F I L E D
United States Court of Appeals
Tenth Circuit
UNITED STATES COURT OF APPEALS
APR 1 2004
TENTH CIRCUIT
PATRICK FISHER
Clerk
UNITED STATES OF AMERICA,
Plaintiff-Appellee, No. 03-5037
v. (N. D. Oklahoma)
RUDOLPHO COYAZO, JR., (D.C. Nos. 01-CV-71-P;
98-CR-43-P)
Defendant-Appellant.
ORDER AND JUDGMENT *
Before EBEL, HENRY, and HARTZ, Circuit Judges. **
Rudolpho Coyazo, Jr., a federal prisoner, appeals the district court’s
decision denying his 28 U.S.C. § 2255 motion to vacate, set aside, or modify his
sentence.
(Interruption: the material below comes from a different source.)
(* Let $\lambda>0$ and $\sigma<2\sqrt\pi$. The measure $\nu$ is $\sigma$-finite; more precisely, for every $\epsilon\in(0,1)$, $\nu(\{\phi:\epsilon<M_\phi(\Lambda)<\epsilon^{-1}\})<\infty$ (indeed also $\hat\mu(\{\phi:\epsilon<M_\phi(\Lambda)<\epsilon^{-1}\})<\infty$). Moreover, for every $f\in H$, $\epsilon\in(0,1)$, $a>0$ and $p\in[1,\infty)$, the function $\phi\mapsto\langle f,\Delta\phi\rangle\,\mathbf 1_{[\epsilon,\epsilon^{-1}]}(M_\phi(\Lambda))$ belongs to $L^p(\hat\mu)$ and $L^p(\nu)$, and the function $\phi\mapsto\exp(a|\langle\phi_0,f\rangle_H|)\,\mathbf 1_{[\epsilon,\epsilon^{-1}]}(M_\phi(\Lambda))$ is integrable with respect to $\hat\mu$ and $\nu$.
   Context: Let $\Lambda=\mathbb C/(\mathbb Z+\tau\mathbb Z)$, $\Im\tau>0$, be a flat torus with Lebesgue area measure $\omega_0$ and Laplacian $\Delta$. Let $H=H^1(\Lambda)$ with $\langle u,v\rangle_H=\int\nabla u\cdot\nabla v\,\omega_0$, $\Phi=H^{-\varepsilon}(\Lambda)$ for a fixed small $\varepsilon>0$, each $\phi=m+\phi_0$ ($m\in\mathbb R$ constant, $\phi_0$ mean zero). $\mu$ is the law of the mean-zero Gaussian free field with covariance operator $\frac{\sigma^2}{2}(-\Delta)^{-1}$, $\hat\mu=dm\otimes d\mu$ ($dm$ Lebesgue). For $f\in H$, $\langle f,\Delta\phi\rangle:=-\langle f,\phi_0\rangle_H$ (a centered Gaussian under $\mu$, defined a.e. via Paley–Wiener). $M_\phi=\,:\!e^{2\phi}\omega_0\!:$ is the Gaussian multiplicative chaos (a.s. weak limit of $e^{2\phi_\delta-2\mathbb E[\phi_\delta^2]}\omega_0$, $\phi_\delta$ circle averages), satisfying $M_{\phi+h}=e^{2h}M_\phi$ a.e. for fixed $h\in H$ (in particular $M_{m+\phi_0}=e^{2m}M_{\phi_0}$). The Liouville measure is $d\nu(\phi)=\exp(-\lambda\sigma^{-2}M_\phi(\Lambda))\,d\hat\mu(\phi)$. *)

theory Defs
  imports "HOL-Probability.Probability"
begin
For the reasons set forth below, we conclude that the evidence is
*
This order and judgment is not binding precedent, except under the
doctrines of res judicata, collateral estoppel, and law of the case. The court
generally disfavors the citation of orders and judgments; nevertheless, an order
and judgment may be cited under the terms and conditions of 10th Cir. R. 36.3.
**
After examining the briefs and appellate record, this panel has
determined unanimously to grant the parties’ request for a decision on the briefs
without oral argument. See Fed. R. App. P. 34(f); 10th Cir. R. 34.1 (G). The
case is therefore submitted without oral argument.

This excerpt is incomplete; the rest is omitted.